The first project for Web Search Engine
Filelist:
readme.txt
explain.txt
config.ini program parameters' configuraton
crawler.py main program
core.engine.py load config file and manage the parser queue and download queue
core.downloader.py downloader implementation assgins download tasks to thread pool
core.parser.py parser implementation assgins parse tasks to thread pool
core.searchgoogle.py Google search API implementation
models.configuration.py load all configurations from local file and remote mysql
models.html.py the data structure maintain the crawled page infomation
models.safe_dic.py implementation of dictionary with lock
models.safe_queue.py implementation of queue with lock
models.safe_loop_array.py implementation of array with lock
models.status.py system global variables
include.database_manager.py interact with remote mysql
include.database.py sql executer
include.log.py implementation of logger
include.setting.py read program parameters from local configuration file
include.thread_pool.py implementation of a thread pool
strategies.bookmarkhandler.py handle page anchor
strategies.cgihandler.py block url address with cgi in it
strategies.earlyvisithandler.py block pages visited before
strategies.filetypehandler.py decide whether a page is crawable according to its MIME type
strategies.linksextractor.py extract links from a downloaded page
strategies.nestlevelhandler.py block pages exceed a cetain depth in a site
strategies.omitindex.py omit the part of 'index.htm','main.htm',etc with in a url
strategies.robotexclusionrulesparser.py a robot exclusion rules parser
strategies.robothandler.py decide whether a page is crawable according to the robot.txt
strategies.schemehandler.py scheme whitelist
strategies.urlextender.py extend partial url
www.
Program parameters:
The config.ini file contains runtime parameters: Downloader.Threadnum The number of thread for download Downloader.SavePath The directory stores the downloaded pages
Parser.Threadnum The number of thread for parse
Parser.Nestlevel The maximum depth of a page in a website
seed.keywords The search key words
seed.result_num The result num returned from the Google API
Mysql.host mysql hostname
Mysql.user mysql username
Mysql.passwd mysql passwprd
Mysql.db mysql database name
Desgin:
# Engine
----------------------
Engine is the main controller in the crawler.
It has:
-a downloader object and a parser object,
-two safe queues each for the download and parse tasks,
-a status object holding the global status variables for the crawler,
-a mysql manager,
-objects for every filter strategy,the safe dictionary within the object of earlyvisithandler actually maintains the tree structure of the visited url
Once the Engine starts up:
-it first apply the filter rules to the seeds from the Google API, and then load the valid ones into the download queue;
-it starts two threads each keep checking the download queue and parse queue, once a html task is found in the queues, it is then assigned to the downloader or the parser;
-The downloader will return html tasks to be parse and push them into the parse queue, and the parser will return the html tasks to be download and push them into the download queue;
-it starts a thread keep checking the status of the crawler and post runtime info to remote mysql;
# Parser
----------------------
Parser will assgin the parsing tasks passed from engine to the thread pool object it maintains
Except applying filtering rules when loading seeds from Google API to download queue in the engine, we mainly apply all the filtering rules in parser:
-robothandler check against robot exclusion rules through robot.txt, it maintains a dictionary,
of which the key is the url's homesite, the value is a object of robotexclutionrulesparser.

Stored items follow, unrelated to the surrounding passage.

(* Let $\mathcal N$ be a phylogenetic network on $X$ with vertex set $V$ and $|X|\ge 2$, fix an ordering $v_1,\dots,v_t$ of $V\setminus X$, and let $\Sigma=\Sigma_{\mathcal N}=\{(x,\sigma(x)):x\in X\}$ be the corresponding ancestral profile. Let $\{a,b\}\subseteq X$. (i) Suppose $\{a,b\}$ is a cherry of $\mathcal N$. Choose any index $j$ with $\sigma_j(a)=\sigma_j(b)=1$ and $\sigma_j(x)=0$ for all $x\in X\setminus\{a,b\}$, and let $\Sigma'=\{(x,\sigma'(x)):x\in X\setminus\{b\}\}$, where $\sigma'(x)$ is obtained from $\sigma(x)$ by deleting the $j$-th entry. Then $\Sigma'$ is the ancestral profile of the network $\mathcal N'$ obtained from $\mathcal N$ by reducing $b$, with respect to some ordering of the non-leaf vertices of $\mathcal N'$. (ii) Suppose $\{a,b\}$ is a reticulated cherry of $\mathcal N$ with reticulation leaf $b$. Choose any index $j$ with $\sigma_j(a)=\sigma_j(b)=1$ and $\sigma_j(x)=0$ for all $x\in X\setminus\{a,b\}$, and any index $k$ with $\sigma_k(b)=1$ and $\sigma_k(x)=0$ for all $x\in X\setminus\{b\}$. Let $\Sigma'=\{(x,\sigma'(x)):x\in X\}$, where for $x\neq b$, $\sigma'(x)$ is obtained from $\sigma(x)$ by deleting the entries $j$ and $k$, and $\sigma'(b)$ is the tuple with entries $\sigma_i(b)-\sigma_i(a)$ for $i\notin\{j,k\}$ (in the original order). Then $\Sigma'$ is the ancestral profile of the network $\mathcal N'$ obtained from $\mathcal N$ by cutting $\{a,b\}$, with respect to some ordering of the non-leaf vertices of $\mathcal N'$.
   Context: A phylogenetic network on $X$ ($X$ non-empty finite) is a rooted acyclic directed graph with no parallel arcs such that: the unique root has in-degree $0$ and out-degree $2$; every vertex of out-degree $0$ has in-degree $1$, and the set of such vertices (leaves) is $X$; every other vertex has either in-degree $1$ and out-degree $2$ (tree vertex) or in-degree $2$ and out-degree $1$ (reticulation). If $|X|=1$ a single vertex is also allowed. For an ordering $v_1,\dots,v_t$ of the non-leaf vertices and $x\in X$, the ancestral tuple $\sigma(x)=(\sigma_1(x),\dots,\sigma_t(x))$ has $\sigma_i(x)$ equal to the number of directed paths from $v_i$ to $x$; the ancestral profile is $\{(x,\sigma(x)):x\in X\}$. For a $2$-element subset $\{a,b\}\subseteq X$ with parents $p_a,p_b$: $\{a,b\}$ is a cherry if $p_a=p_b$; it is a reticulated cherry with reticulation leaf $b$ if $p_b$ is a reticulation and $(p_a,p_b)$ is an arc. Reducing $b$ in a cherry means deleting $b$ and suppressing the resulting vertex of in-degree 1 and out-degree 1 (if the common parent is the root, delete $b$ and the root, leaving the single vertex $a$). Cutting a reticulated cherry $\{a,b\}$ means deleting the arc $(p_a,p_b)$ and suppressing the two resulting vertices of in-degree 1 and out-degree 1. *)

theory Defs
  imports Main
begin

text \<open>A directed graph is given by a vertex set V and an arc set E (a set of pairs, so
  there are no parallel arcs).\<close>

definition indeg :: "('v \<times> 'v) set \<Rightarrow> 'v \<Rightarrow> nat" where
  "indeg E v = card {u. (u, v) \<in> E}"

definition outdeg :: "('v \<times> 'v) set \<Rightarrow> 'v \<Rightarrow> nat" where
  "outdeg E v = card {w. (v, w) \<in> E}"

definition phylo_network :: "'v set \<Rightarrow> ('v \<times> 'v) set \<Rightarrow> 'v set \<Rightarrow> bool" where
  "phylo_network V E X \<longleftrightarrow>
     finite V \<and> E \<subseteq> V \<times> V \<and> X \<subseteq> V \<and> X \<noteq> {} \<and> acyclic E \<and>
     ((card X = 1 \<and> V = X \<and> E = {}) \<or>
      ((\<exists>!r. r \<in> V \<and> indeg E r = 0) \<and>
       (\<forall>r\<in>V. indeg E r = 0 \<longrightarrow> outdeg E r = 2) \<and>
       (\<forall>v\<in>V. outdeg E v = 0 \<longleftrightarrow> v \<in> X) \<and>
       (\<forall>v\<in>X. indeg E v = 1) \<and>
       (\<forall>v\<in>V. v \<notin> X \<and> indeg E v \<noteq> 0 \<longrightarrow>
           (indeg E v = 1 \<and> outdeg E v = 2) \<or> (indeg E v = 2 \<and> outdeg E v = 1))))"

definition npaths :: "('v \<times> 'v) set \<Rightarrow> 'v \<Rightarrow> 'v \<Rightarrow> nat" where
  "npaths E u x = card {p. p \<noteq> [] \<and> hd p = u \<and> last p = x \<and>
                          successively (\<lambda>y z. (y, z) \<in> E) p}"

definition is_ordering :: "'v set \<Rightarrow> 'v set \<Rightarrow> 'v list \<Rightarrow> bool" where
  "is_ordering V X vs \<longleftrightarrow> distinct vs \<and> set vs = V - X"

text \<open>Ancestral tuple (0-based indices) and ancestral profile.\<close>
definition anc_tuple :: "('v \<times> 'v) set \<Rightarrow> 'v list \<Rightarrow> 'v \<Rightarrow> nat list" where
  "anc_tuple E vs x = map (\<lambda>v. npaths E v x) vs"

definition anc_profile :: "('v \<times> 'v) set \<Rightarrow> 'v set \<Rightarrow> 'v list \<Rightarrow> ('v \<times> nat list) set" where
  "anc_profile E X vs = {(x, anc_tuple E vs x) | x. x \<in> X}"

definition parent :: "('v \<times> 'v) set \<Rightarrow> 'v \<Rightarrow> 'v" where
  "parent E x = (THE p. (p, x) \<in> E)"

definition is_cherry :: "('v \<times> 'v) set \<Rightarrow> 'v \<Rightarrow> 'v \<Rightarrow> bool" where
  "is_cherry E a b \<longleftrightarrow> parent E a = parent E b"

definition is_ret_cherry :: "('v \<times> 'v) set \<Rightarrow> 'v \<Rightarrow> 'v \<Rightarrow> bool" where
  "is_ret_cherry E a b \<longleftrightarrow> indeg E (parent E b) = 2 \<and> (parent E a, parent E b) \<in> E"

definition suppress :: "'v \<Rightarrow> 'v set \<times> ('v \<times> 'v) set \<Rightarrow> 'v set \<times> ('v \<times> 'v) set" where
  "suppress w G = (fst G - {w},
      {(u, z). (u, w) \<in> snd G \<and> (w, z) \<in> snd G} \<union> {e \<in> snd G. fst e \<noteq> w \<and> snd e \<noteq> w})"

definition reduce_cherry :: "'v set \<Rightarrow> ('v \<times> 'v) set \<Rightarrow> 'v \<Rightarrow> 'v \<Rightarrow> 'v set \<times> ('v \<times> 'v) set" where
  "reduce_cherry V E a b =
     (let p = parent E b in
      if indeg E p = 0 then ({a}, {})
      else suppress p (V - {b}, E - {(p, b)}))"

definition cut_ret_cherry :: "'v set \<Rightarrow> ('v \<times> 'v) set \<Rightarrow> 'v \<Rightarrow> 'v \<Rightarrow> 'v set \<times> ('v \<times> 'v) set" where
  "cut_ret_cherry V E a b =
     (let pa = parent E a; pb = parent E b in
      suppress pb (suppress pa (V, E - {(pa, pb)})))"

end

theory Submission
  imports Defs
begin

text \<open>In a finite acyclic digraph the path numbers N(v, x) are the unique solution of
  N(v, x) = [v = x] + \<Sum>{N(c, x) | v \<rightarrow> c}. Hence suppressing a vertex of in- and
  out-degree 1 changes no path number between the remaining vertices, and deleting an arc
  (s, t) removes exactly N(v, s) \<cdot> N(t, x) paths from v to x.

  If {a, b} is a cherry with parent p, the column of p in the ancestral profile is 1 at a
  and b and 0 elsewhere, so it coincides with the chosen column j. Reducing b deletes b and
  suppresses p, so no other column changes; putting vs ! j in the place of p in the
  ordering yields the claimed profile. If {a, b} is a reticulated cherry with parents pa and
  pb, the columns j and k are those of pa and pb, which are suppressed by the cut. Deleting
  the arc (pa, pb) only affects paths ending in b, and removes N(v, pa) = N(v, a) of them.\<close>

section \<open>Counting paths in finite acyclic digraphs\<close>

definition walks :: "('v \<times> 'v) set \<Rightarrow> 'v \<Rightarrow> 'v \<Rightarrow> 'v list set" where
  "walks E u x = {p. p \<noteq> [] \<and> hd p = u \<and> last p = x \<and> successively (\<lambda>y z. (y, z) \<in> E) p}"

lemma npaths_eq_card_walks: "npaths E u x = card (walks E u x)"
  unfolding npaths_def walks_def ..

lemma successively_arcs_trancl:
  "successively (\<lambda>y z. (y, z) \<in> E) (y # ys) \<Longrightarrow> z \<in> set ys \<Longrightarrow> (y, z) \<in> E\<^sup>+"
proof (induction ys arbitrary: y)
  case (Cons w ws)
  then have "(y, w) \<in> E" "successively (\<lambda>y z. (y, z) \<in> E) (w # ws)" by auto
  with Cons show ?case by (cases "z = w") (auto intro: trancl_into_trancl2)
qed simp

lemma successively_arcs_distinct:
  "acyclic E \<Longrightarrow> successively (\<lambda>y z. (y, z) \<in> E) p \<Longrightarrow> distinct p"
proof (induction p)
  case (Cons y ys)
  then have "successively (\<lambda>y z. (y, z) \<in> E) ys" by (cases ys) auto
  moreover have "y \<notin> set ys"
    using successively_arcs_trancl[OF Cons.prems(2)] Cons.prems(1) by (auto simp: acyclic_def)
  ultimately show ?case using Cons.IH Cons.prems(1) by simp
qed simp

-earlyvisithandler check against the url visited before, it maintains a dictionary,
of which the key is the md5 hashcode of the url, the value is the url's corresponding html object.
-cgihandler block the url with cgi in it
-bookmarkhandler block the link of page anchor
-filetypehandler block the url according to the MIME type
-nestlevelhandler block url exceed a cetain depth in a site
-omitindex omit the part of 'index.htm','main.htm',etc with in a url
-schemehandler block the scheme outside the scheme whitelist
-urlextender return the complete url
# Downloader
----------------------
Downloader will assgin the download tasks passed from engine to the thread pool object it maintains;
The timeout is set as 2 secs, then it returns a exception;
It saves download files to local directory
# Html
----------------------
It stores the information of a certain url and its corresponding page data:
_url initial url and the extended url
_scheme scheme of the url
_hostname hostname of the url
_md5 md5 hash code of the url
_id download sequence
_depth distance to the initial seed
_parent parent Html object
_return_code 200, 404, etc
_data text within the page
_data_size size of data
_crawled_time download time